Os tempos são outros e as pessoas também. PIAUÍ não é o PASQUIM. Mas sinto cheiro de inteligência e vejo uma alternativa estimulante à grande imprensa. A conferir.
Pra conhecer melhor a revista e sua proposta, o melhor é comprar, mas outras informações estão aqui.

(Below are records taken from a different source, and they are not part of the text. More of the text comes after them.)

(* Assume $\lambda^*/n\to0$, $\lambda^*\to\infty$, that $\lambda_j/\lambda^*\to\lambda^0_j\in[0,1]$ and $\sqrt{\lambda^*}/\lambda_j\to\psi_j$ for all $j$, and that $\psi\in\{0,\infty\}^p$. Then every closed proper subset $\mathcal{C}\subsetneq\mathcal{M}$ satisfies $$\lim_{n\to\infty}\inf_{\beta\in\mathbb{R}^p}P_\beta\Big(\beta\in\hat\beta_{AL}-\sqrt{\tfrac{\lambda^*}{n}}\,\mathcal{C}\Big)=0,$$ where $\mathcal{M}=\mathcal{M}(\lambda^0,\psi)$.
   Context: For each $n\ge p$: linear regression model $y=X\beta+\varepsilon$ with $y\in\mathbb{R}^n$, non-stochastic $X\in\mathbb{R}^{n\times p}$ ($p$ fixed) of full column rank, unknown $\beta\in\mathbb{R}^p$, and $\varepsilon$ with i.i.d. components of mean zero and finite variance $\sigma^2>0$; $P_\beta$ is the probability when the true parameter is $\beta$. $X'X/n\to C$ positive definite, and $\sqrt{n}(X'X)^{-1}X'\varepsilon\overset{d}{\longrightarrow}N(0,\sigma^2C^{-1})$. $\hat\beta_{LS}=(X'X)^{-1}X'y$; the events $\{\hat\beta_{LS,j}=0\}$ have probability zero and are excluded. Non-negative tuning parameters $\lambda_j=\lambda_{n,j}$ (each either positive for all large $n$ or zero for all large $n$), $\lambda^*=\max_j\lambda_j$, convention $\sqrt{\lambda^*}/0=\infty$. Adaptive Lasso: $\hat\beta_{AL}=\arg\min_{b\in\mathbb{R}^p}\big(\|y-Xb\|^2+2\sum_{j=1}^p\lambda_j|b_j|/|\hat\beta_{LS,j}|\big)$. For $\mu\in[0,\infty)^p$ and $\psi\in[0,\infty]^p$, $\mathcal{M}(\mu,\psi)=\{m\in\mathbb{R}^p:(Cm)_j=0\text{ if }\psi_j=\infty,\ m_j(Cm)_j\le\mu_j\text{ if }\psi_j<\infty\}$. For a set $S$ and scalar $c$, $\hat\beta_{AL}-cS=\{\hat\beta_{AL}-cs:s\in S\}$. *)

theory Defs
  imports "HOL-Probability.Probability"
begin

text \<open>Design: row i (i < n) of the n x p design matrix at sample size n is X n i.\<close>

definition gram :: "(nat \<Rightarrow> nat \<Rightarrow> real ^ 'p) \<Rightarrow> nat \<Rightarrow> real ^ 'p ^ 'p" where
  "gram X n = (\<chi> j k. \<Sum>i<n. X n i $ j * X n i $ k)"

definition full_col_rank :: "(nat \<Rightarrow> nat \<Rightarrow> real ^ 'p) \<Rightarrow> nat \<Rightarrow> bool" where
  "full_col_rank X n \<longleftrightarrow> (\<forall>b. (\<forall>i<n. X n i \<bullet> b = 0) \<longrightarrow> b = 0)"

definition pos_def_mat :: "real ^ 'p ^ 'p \<Rightarrow> bool" where
  "pos_def_mat A \<longleftrightarrow> transpose A = A \<and> (\<forall>x. x \<noteq> 0 \<longrightarrow> x \<bullet> (A *v x) > 0)"

definition resp :: "(nat \<Rightarrow> nat \<Rightarrow> real ^ 'p) \<Rightarrow> (nat \<Rightarrow> 'a \<Rightarrow> real) \<Rightarrow> nat \<Rightarrow> real ^ 'p \<Rightarrow> 'a \<Rightarrow> nat \<Rightarrow> real" where
  "resp X eps n \<beta> \<omega> i = X n i \<bullet> \<beta> + eps i \<omega>"

definition beta_LS :: "(nat \<Rightarrow> nat \<Rightarrow> real ^ 'p) \<Rightarrow> (nat \<Rightarrow> 'a \<Rightarrow> real) \<Rightarrow> nat \<Rightarrow> real ^ 'p \<Rightarrow> 'a \<Rightarrow> real ^ 'p" where
  "beta_LS X eps n \<beta> \<omega> = matrix_inv (gram X n) *v (\<Sum>i<n. resp X eps n \<beta> \<omega> i *\<^sub>R X n i)"

definition AL_obj :: "(nat \<Rightarrow> nat \<Rightarrow> real ^ 'p) \<Rightarrow> (nat \<Rightarrow> 'a \<Rightarrow> real) \<Rightarrow> (nat \<Rightarrow> 'p \<Rightarrow> real)
    \<Rightarrow> nat \<Rightarrow> real ^ 'p \<Rightarrow> 'a \<Rightarrow> real ^ 'p \<Rightarrow> real" where
  "AL_obj X eps lam n \<beta> \<omega> b =
     (\<Sum>i<n. (resp X eps n \<beta> \<omega> i - X n i \<bullet> b)\<^sup>2)
     + 2 * (\<Sum>j\<in>UNIV. lam n j * \<bar>b $ j\<bar> / \<bar>beta_LS X eps n \<beta> \<omega> $ j\<bar>)"

text \<open>Adaptive Lasso estimator: a minimiser of the objective (unique under full column rank).\<close>
definition beta_AL :: "(nat \<Rightarrow> nat \<Rightarrow> real ^ 'p) \<Rightarrow> (nat \<Rightarrow> 'a \<Rightarrow> real) \<Rightarrow> (nat \<Rightarrow> 'p \<Rightarrow> real)
    \<Rightarrow> nat \<Rightarrow> real ^ 'p \<Rightarrow> 'a \<Rightarrow> real ^ 'p" where
  "beta_AL X eps lam n \<beta> \<omega> =
     (SOME b. \<forall>b'. AL_obj X eps lam n \<beta> \<omega> b \<le> AL_obj X eps lam n \<beta> \<omega> b')"

definition lamstar :: "(nat \<Rightarrow> 'p::finite \<Rightarrow> real) \<Rightarrow> nat \<Rightarrow> real" where
  "lamstar lam n = Max (range (lam n))"

text \<open>sqrt(lambda*)/lambda_j with the convention sqrt(lambda*)/0 = infinity.\<close>
definition psi_ratio :: "(nat \<Rightarrow> 'p::finite \<Rightarrow> real) \<Rightarrow> nat \<Rightarrow> 'p \<Rightarrow> ereal" where
  "psi_ratio lam n j = (if lam n j = 0 then \<infinity> else ereal (sqrt (lamstar lam n) / lam n j))"

definition Mset :: "real ^ 'p ^ 'p \<Rightarrow> ('p \<Rightarrow> real) \<Rightarrow> ('p \<Rightarrow> ereal) \<Rightarrow> (real ^ 'p) set" where
  "Mset C \<mu> \<psi> = {m. \<forall>j. (\<psi> j = \<infinity> \<longrightarrow> (C *v m) $ j = 0) \<and>
                          (\<psi> j < \<infinity> \<longrightarrow> m $ j * (C *v m) $ j \<le> \<mu> j)}"

definition gauss_density :: "real ^ 'p ^ 'p \<Rightarrow> real ^ 'p \<Rightarrow> real" where
  "gauss_density \<Sigma> x = (2 * pi) powr (- real CARD('p) / 2) / sqrt (det \<Sigma>)
      * exp (- (x \<bullet> (matrix_inv \<Sigma> *v x)) / 2)"

definition conv_distr_to_density ::
    "'a measure \<Rightarrow> (nat \<Rightarrow> 'a \<Rightarrow> real ^ 'p) \<Rightarrow> (real ^ 'p \<Rightarrow> real) \<Rightarrow> bool" where
  "conv_distr_to_density M Z f \<longleftrightarrow>
     (\<forall>g::real ^ 'p \<Rightarrow> real. continuous_on UNIV g \<longrightarrow> bounded (range g) \<longrightarrow>
        (\<lambda>n. \<integral>\<omega>. g (Z n \<omega>) \<partial>M) \<longlonglongrightarrow> (\<integral>x. f x * g x \<partial>lborel))"

end

theory Submission
  imports Defs
begin

text \<open>Pick m in Mset outside the closed set Cset and delta > 0 such that the delta-ball around m
  misses Cset. With c n = sqrt (lamstar / n), the event beta \<in> beta_AL - c n Cset says that the
  rescaled error (beta_AL - beta) / c n lies in Cset. We construct parameters beta n = c n gamma n
  for which this rescaled error is within delta of m with probability tending to one.
  Coordinates with (C m)_j = 0 are shifted far away, where their penalty is negligible; for the
  others psi_j = 0, i.e. lam_j dominates sqrt lamstar, and the shift is chosen so that the
  subgradient of the penalty cancels (C m)_j. Then b0 = beta n + c n m nearly satisfies the
  optimality condition of the objective, which is strongly convex with curvature of order n, so
  the minimiser lies within o(c n) of b0 as long as the noise sqrt n (X'X)^-1 X' eps is bounded;
  by Chebyshev's inequality this happens with probability close to one.\<close>

section \<open>Second moments of i.i.d. errors\<close>

locale iid_errors = prob_space +
  fixes eps :: "nat \<Rightarrow> 'a \<Rightarrow> real" and \<sigma> :: real
  assumes eps_meas: "\<And>i. eps i \<in> borel_measurable M"
    and eps_indep: "indep_vars (\<lambda>_. borel) eps UNIV"
    and eps_ident: "\<And>i. distr M borel (eps i) = distr M borel (eps 0)"
    and eps_int: "integrable M (eps 0)"
    and eps_mean: "(\<integral>\<omega>. eps 0 \<omega> \<partial>M) = 0"
    and eps_sq_int: "integrable M (\<lambda>\<omega>. (eps 0 \<omega>)\<^sup>2)"
    and eps_var: "(\<integral>\<omega>. (eps 0 \<omega>)\<^sup>2 \<partial>M) = \<sigma>\<^sup>2"
begin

sexta-feira, 6 de outubro de 2006

PERSONAS GRATAS E NON GRATAS

Se você perguntar pro pessoal lá de casa quem sou eu, eles devem dizer que sou um cara mal-humorado, ensimesmado, que gosta de se isolar e ficar quieto lendo ou escrevendo. Que falo pouco e não me relaciono com eles. E que tenho uma tendência à depressão.
Se você perguntar a mesma coisa pra qualquer um de meus clientes, vai ouvir que sou uma pessoa engraçadíssima, que não pára de falar abobrinha e que é uma terapia ir lá no meu consultório porque só se dá risada das coisas que eu falo. E que sou uma pessoa muito positiva e "alto astral".
Se você perguntar isso pra muitos de meus amigos mais próximos - aqueles que me conhecem bem - eles vão dizer que eu sou um cara muito interessante de quem gostam muito, mas que vivo vendo o lado negativo das coisas e que sempre acho que tudo vai dar errado.
Se você consultar minha mulher, ela provavelmente vai dizer que sou uma pessoa muito acomodada, que empurro tudo com a barriga, pouco empreendedor e pouco objetivo.
Já meu filho menor com certeza vai dizer que sou muito estressado. Aliás, assim que aprendeu a falar já começou a dizer isso. Era até bonitinho ver aquele molequinho de dois anos e pouco me perguntar: "Cê tá istessado?" Se eu estivesse, deixava de ficar na hora.
Meu filho mais velho talvez não diga muita coisa, porquê o que mais deve ter sentido foi a minha ausência, por mais que eu tivesse tentado ser presente.
Minha secretária, vai dizer que eu sou legal (se não fosse, ela não aguentaria trabalhar pra mim por dezoito anos), mas que sou muito mimado e tenho cinco minutos onde bato portas e jogo coisas.
Pessoas que me conhecem há pouco tempo, vão lhe dizer que eu sou uma pessoa brava, carrancuda, que inspira um certo temor.
Agora, se você fizer essa pergunta pra mim, não obterá resposta nenhuma. Não tenho resposta. Não tenho nada a declarar porque tudo o que disser pode ser usado contra mim. Não, não é crise de identidade. Essas, já as tive várias: aos oito anos, aos quinze, aos vinte e oito, aos trinta e dois, pulei a dos quarenta e tive aos quarenta e seis. Agora, aos cinquenta e dois, não tenho crise de identidade; tenho crise de identidades. É isso mesmo. Descobri que, além de não conseguir responder à mais fundamental das questões filosóficas, "Quem sou eu?", tenho que responder também a outra questão, "Quantos sou eu?" . Depois de descobrir este número, preciso achar resposta à primeira questão, pra cada uma dessas identidades. É mole?
Bem, não é tão desesperador assim. Na verdade, no momento em que você descobre esse monte de gente dentro de você a coisa fica mais simples. Aí você simplesmente deixa de se preocupar com isso e aceita o fato de que todos esses caras são você e você é todos eles. Você vira uma turminha o que pode ser bem legal, até. O problema é que você não decide quem vai junto ao cinema, quem te acompanha no trabalho, quem vai estar a fim de aparecer naquele jantar. Você perde um pouco o controle sobre isso, mas dá um certo, digamos, movimento à mesmice.
De resto, consolo-me com as palavras do poema de Mario de Andrade...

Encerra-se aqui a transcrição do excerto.